■ **AVAILABLE DATA**
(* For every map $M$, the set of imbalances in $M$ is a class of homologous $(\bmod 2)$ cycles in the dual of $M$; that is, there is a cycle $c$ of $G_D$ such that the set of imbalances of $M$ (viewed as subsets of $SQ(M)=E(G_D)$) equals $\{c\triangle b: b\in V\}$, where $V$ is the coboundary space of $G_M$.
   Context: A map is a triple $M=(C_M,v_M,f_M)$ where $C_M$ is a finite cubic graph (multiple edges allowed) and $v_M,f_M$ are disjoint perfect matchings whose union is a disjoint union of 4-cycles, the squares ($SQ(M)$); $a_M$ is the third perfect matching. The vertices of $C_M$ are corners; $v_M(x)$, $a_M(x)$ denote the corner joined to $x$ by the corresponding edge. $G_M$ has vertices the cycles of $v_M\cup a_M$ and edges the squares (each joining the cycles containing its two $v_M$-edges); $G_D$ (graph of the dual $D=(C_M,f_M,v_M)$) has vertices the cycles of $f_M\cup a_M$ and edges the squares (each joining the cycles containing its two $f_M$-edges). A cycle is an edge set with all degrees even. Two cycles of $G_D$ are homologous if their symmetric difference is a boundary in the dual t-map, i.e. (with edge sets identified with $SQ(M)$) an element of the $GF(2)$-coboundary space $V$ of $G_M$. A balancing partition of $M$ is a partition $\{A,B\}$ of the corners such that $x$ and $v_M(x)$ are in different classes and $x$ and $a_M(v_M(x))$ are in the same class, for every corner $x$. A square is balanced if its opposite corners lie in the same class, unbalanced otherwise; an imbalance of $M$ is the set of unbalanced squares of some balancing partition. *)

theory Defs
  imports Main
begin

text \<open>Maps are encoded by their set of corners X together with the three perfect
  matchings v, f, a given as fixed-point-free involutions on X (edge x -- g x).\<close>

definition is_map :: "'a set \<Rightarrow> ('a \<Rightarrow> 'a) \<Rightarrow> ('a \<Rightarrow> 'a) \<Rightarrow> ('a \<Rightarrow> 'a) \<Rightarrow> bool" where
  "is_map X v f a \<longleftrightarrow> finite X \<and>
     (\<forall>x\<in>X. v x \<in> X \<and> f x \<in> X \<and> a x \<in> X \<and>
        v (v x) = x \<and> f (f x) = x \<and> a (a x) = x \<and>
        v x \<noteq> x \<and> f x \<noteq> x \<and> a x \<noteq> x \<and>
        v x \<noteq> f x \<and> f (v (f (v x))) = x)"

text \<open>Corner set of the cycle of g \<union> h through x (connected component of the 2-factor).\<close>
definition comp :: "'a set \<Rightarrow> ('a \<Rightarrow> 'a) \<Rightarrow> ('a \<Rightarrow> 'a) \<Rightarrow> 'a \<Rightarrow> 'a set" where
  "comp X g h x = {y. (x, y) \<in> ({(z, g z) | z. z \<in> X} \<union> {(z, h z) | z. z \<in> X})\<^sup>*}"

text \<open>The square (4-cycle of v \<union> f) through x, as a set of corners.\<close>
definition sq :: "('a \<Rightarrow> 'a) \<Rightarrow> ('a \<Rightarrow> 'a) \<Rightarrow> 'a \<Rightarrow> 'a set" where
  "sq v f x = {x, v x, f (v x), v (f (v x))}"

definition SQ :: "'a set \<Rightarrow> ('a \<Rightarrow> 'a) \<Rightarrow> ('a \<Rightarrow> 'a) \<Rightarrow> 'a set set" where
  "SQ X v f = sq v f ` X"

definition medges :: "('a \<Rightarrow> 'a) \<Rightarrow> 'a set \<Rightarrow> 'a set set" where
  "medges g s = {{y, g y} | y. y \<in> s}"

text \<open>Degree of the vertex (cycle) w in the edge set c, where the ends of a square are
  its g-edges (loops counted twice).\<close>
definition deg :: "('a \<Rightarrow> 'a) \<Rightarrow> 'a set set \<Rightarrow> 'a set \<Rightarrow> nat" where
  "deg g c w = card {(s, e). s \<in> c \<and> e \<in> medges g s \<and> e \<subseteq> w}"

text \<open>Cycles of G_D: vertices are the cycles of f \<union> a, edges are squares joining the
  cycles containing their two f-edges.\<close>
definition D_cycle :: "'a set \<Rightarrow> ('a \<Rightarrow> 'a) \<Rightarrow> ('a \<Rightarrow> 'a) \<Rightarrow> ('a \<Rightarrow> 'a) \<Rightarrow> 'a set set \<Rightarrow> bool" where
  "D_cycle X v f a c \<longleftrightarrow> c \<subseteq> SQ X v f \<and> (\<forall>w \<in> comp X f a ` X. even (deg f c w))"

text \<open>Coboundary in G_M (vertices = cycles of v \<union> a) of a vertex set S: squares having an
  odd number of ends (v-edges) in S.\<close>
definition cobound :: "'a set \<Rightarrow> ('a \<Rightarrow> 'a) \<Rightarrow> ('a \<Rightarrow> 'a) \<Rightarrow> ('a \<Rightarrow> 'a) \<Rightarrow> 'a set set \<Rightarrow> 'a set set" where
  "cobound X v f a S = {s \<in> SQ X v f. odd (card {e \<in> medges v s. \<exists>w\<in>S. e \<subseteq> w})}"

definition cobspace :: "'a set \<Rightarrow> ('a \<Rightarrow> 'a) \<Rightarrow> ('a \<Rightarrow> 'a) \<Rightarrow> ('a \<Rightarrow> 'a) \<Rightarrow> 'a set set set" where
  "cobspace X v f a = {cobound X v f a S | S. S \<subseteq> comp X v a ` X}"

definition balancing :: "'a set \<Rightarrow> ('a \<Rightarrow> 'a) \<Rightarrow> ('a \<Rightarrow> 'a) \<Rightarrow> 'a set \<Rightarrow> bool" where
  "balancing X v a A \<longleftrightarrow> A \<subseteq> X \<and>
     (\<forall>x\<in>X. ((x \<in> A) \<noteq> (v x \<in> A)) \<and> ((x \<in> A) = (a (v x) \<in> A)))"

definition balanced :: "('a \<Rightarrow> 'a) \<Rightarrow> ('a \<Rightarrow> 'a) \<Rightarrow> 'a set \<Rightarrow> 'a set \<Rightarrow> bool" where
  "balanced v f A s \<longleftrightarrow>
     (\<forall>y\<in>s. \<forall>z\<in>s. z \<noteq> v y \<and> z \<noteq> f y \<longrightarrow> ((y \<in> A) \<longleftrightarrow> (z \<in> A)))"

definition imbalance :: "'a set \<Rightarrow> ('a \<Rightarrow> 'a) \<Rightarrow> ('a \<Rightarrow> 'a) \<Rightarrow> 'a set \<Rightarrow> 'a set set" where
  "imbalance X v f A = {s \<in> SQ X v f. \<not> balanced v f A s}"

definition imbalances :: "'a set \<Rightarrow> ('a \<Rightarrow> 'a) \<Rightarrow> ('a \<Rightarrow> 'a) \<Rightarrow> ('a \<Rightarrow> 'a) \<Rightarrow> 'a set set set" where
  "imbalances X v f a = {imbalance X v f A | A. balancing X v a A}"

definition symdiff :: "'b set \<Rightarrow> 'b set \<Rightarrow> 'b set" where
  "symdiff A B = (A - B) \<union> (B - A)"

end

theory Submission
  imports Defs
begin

■ **ABOUT THIS TASK**
Would you write the material out again, exactly as given above?

■ **WRITTEN RESPONSE**
(* For every map $M$, the set of imbalances in $M$ is a class of homologous $(\bmod 2)$ cycles in the dual of $M$; that is, there is a cycle $c$ of $G_D$ such that the set of imbalances of $M$ (viewed as subsets of $SQ(M)=E(G_D)$) equals $\{c\triangle b: b\in V\}$, where $V$ is the coboundary space of $G_M$.
   Context: A map is a triple $M=(C_M,v_M,f_M)$ where $C_M$ is a finite cubic graph (multiple edges allowed) and $v_M,f_M$ are disjoint perfect matchings whose union is a disjoint union of 4-cycles, the squares ($SQ(M)$); $a_M$ is the third perfect matching. The vertices of $C_M$ are corners; $v_M(x)$, $a_M(x)$ denote the corner joined to $x$ by the corresponding edge. $G_M$ has vertices the cycles of $v_M\cup a_M$ and edges the squares (each joining the cycles containing its two $v_M$-edges); $G_D$ (graph of the dual $D=(C_M,f_M,v_M)$) has vertices the cycles of $f_M\cup a_M$ and edges the squares (each joining the cycles containing its two $f_M$-edges). A cycle is an edge set with all degrees even. Two cycles of $G_D$ are homologous if their symmetric difference is a boundary in the dual t-map, i.e. (with edge sets identified with $SQ(M)$) an element of the $GF(2)$-coboundary space $V$ of $G_M$. A balancing partition of $M$ is a partition $\{A,B\}$ of the corners such that $x$ and $v_M(x)$ are in different classes and $x$ and $a_M(v_M(x))$ are in the same class, for every corner $x$. A square is balanced if its opposite corners lie in the same class, unbalanced otherwise; an imbalance of $M$ is the set of unbalanced squares of some balancing partition. *)

theory Defs
  imports Main
begin

text \<open>Maps are encoded by their set of corners X together with the three perfect
  matchings v, f, a given as fixed-point-free involutions on X (edge x -- g x).\<close>

definition is_map :: "'a set \<Rightarrow> ('a \<Rightarrow> 'a) \<Rightarrow> ('a \<Rightarrow> 'a) \<Rightarrow> ('a \<Rightarrow> 'a) \<Rightarrow> bool" where
  "is_map X v f a \<longleftrightarrow> finite X \<and>
     (\<forall>x\<in>X. v x \<in> X \<and> f x \<in> X \<and> a x \<in> X \<and>
        v (v x) = x \<and> f (f x) = x \<and> a (a x) = x \<and>
        v x \<noteq> x \<and> f x \<noteq> x \<and> a x \<noteq> x \<and>
        v x \<noteq> f x \<and> f (v (f (v x))) = x)"

text \<open>Corner set of the cycle of g \<union> h through x (connected component of the 2-factor).\<close>
definition comp :: "'a set \<Rightarrow> ('a \<Rightarrow> 'a) \<Rightarrow> ('a \<Rightarrow> 'a) \<Rightarrow> 'a \<Rightarrow> 'a set" where
  "comp X g h x = {y. (x, y) \<in> ({(z, g z) | z. z \<in> X} \<union> {(z, h z) | z. z \<in> X})\<^sup>*}"

text \<open>The square (4-cycle of v \<union> f) through x, as a set of corners.\<close>
definition sq :: "('a \<Rightarrow> 'a) \<Rightarrow> ('a \<Rightarrow> 'a) \<Rightarrow> 'a \<Rightarrow> 'a set" where
  "sq v f x = {x, v x, f (v x), v (f (v x))}"

definition SQ :: "'a set \<Rightarrow> ('a \<Rightarrow> 'a) \<Rightarrow> ('a \<Rightarrow> 'a) \<Rightarrow> 'a set set" where
  "SQ X v f = sq v f ` X"

definition medges :: "('a \<Rightarrow> 'a) \<Rightarrow> 'a set \<Rightarrow> 'a set set" where
  "medges g s = {{y, g y} | y. y \<in> s}"

text \<open>Degree of the vertex (cycle) w in the edge set c, where the ends of a square are
  its g-edges (loops counted twice).\<close>
definition deg :: "('a \<Rightarrow> 'a) \<Rightarrow> 'a set set \<Rightarrow> 'a set \<Rightarrow> nat" where
  "deg g c w = card {(s, e). s \<in> c \<and> e \<in> medges g s \<and> e \<subseteq> w}"

text \<open>Cycles of G_D: vertices are the cycles of f \<union> a, edges are squares joining the
  cycles containing their two f-edges.\<close>
definition D_cycle :: "'a set \<Rightarrow> ('a \<Rightarrow> 'a) \<Rightarrow> ('a \<Rightarrow> 'a) \<Rightarrow> ('a \<Rightarrow> 'a) \<Rightarrow> 'a set set \<Rightarrow> bool" where
  "D_cycle X v f a c \<longleftrightarrow> c \<subseteq> SQ X v f \<and> (\<forall>w \<in> comp X f a ` X. even (deg f c w))"

text \<open>Coboundary in G_M (vertices = cycles of v \<union> a) of a vertex set S: squares having an
  odd number of ends (v-edges) in S.\<close>
definition cobound :: "'a set \<Rightarrow> ('a \<Rightarrow> 'a) \<Rightarrow> ('a \<Rightarrow> 'a) \<Rightarrow> ('a \<Rightarrow> 'a) \<Rightarrow> 'a set set \<Rightarrow> 'a set set" where
  "cobound X v f a S = {s \<in> SQ X v f. odd (card {e \<in> medges v s. \<exists>w\<in>S. e \<subseteq> w})}"

definition cobspace :: "'a set \<Rightarrow> ('a \<Rightarrow> 'a) \<Rightarrow> ('a \<Rightarrow> 'a) \<Rightarrow> ('a \<Rightarrow> 'a) \<Rightarrow> 'a set set set" where
  "cobspace X v f a = {cobound X v f a S | S. S \<subseteq> comp X v a ` X}"

definition balancing :: "'a set \<Rightarrow> ('a \<Rightarrow> 'a) \<Rightarrow> ('a \<Rightarrow> 'a) \<Rightarrow> 'a set \<Rightarrow> bool" where
  "balancing X v a A \<longleftrightarrow> A \<subseteq> X \<and>
     (\<forall>x\<in>X. ((x \<in> A) \<noteq> (v x \<in> A)) \<and> ((x \<in> A) = (a (v x) \<in> A)))"

definition balanced :: "('a \<Rightarrow> 'a) \<Rightarrow> ('a \<Rightarrow> 'a) \<Rightarrow> 'a set \<Rightarrow> 'a set \<Rightarrow> bool" where
  "balanced v f A s \<longleftrightarrow>
     (\<forall>y\<in>s. \<forall>z\<in>s. z \<noteq> v y \<and> z \<noteq> f y \<longrightarrow> ((y \<in> A) \<longleftrightarrow> (z \<in> A)))"

definition imbalance :: "'a set \<Rightarrow> ('a \<Rightarrow> 'a) \<Rightarrow> ('a \<Rightarrow> 'a) \<Rightarrow> 'a set \<Rightarrow> 'a set set" where
  "imbalance X v f A = {s \<in> SQ X v f. \<not> balanced v f A s}"

definition imbalances :: "'a set \<Rightarrow> ('a \<Rightarrow> 'a) \<Rightarrow> ('a \<Rightarrow> 'a) \<Rightarrow> ('a \<Rightarrow> 'a) \<Rightarrow> 'a set set set" where
  "imbalances X v f a = {imbalance X v f A | A. balancing X v a A}"

definition symdiff :: "'b set \<Rightarrow> 'b set \<Rightarrow> 'b set" where
  "symdiff A B = (A - B) \<union> (B - A)"

end

theory Submission
  imports Defs
begin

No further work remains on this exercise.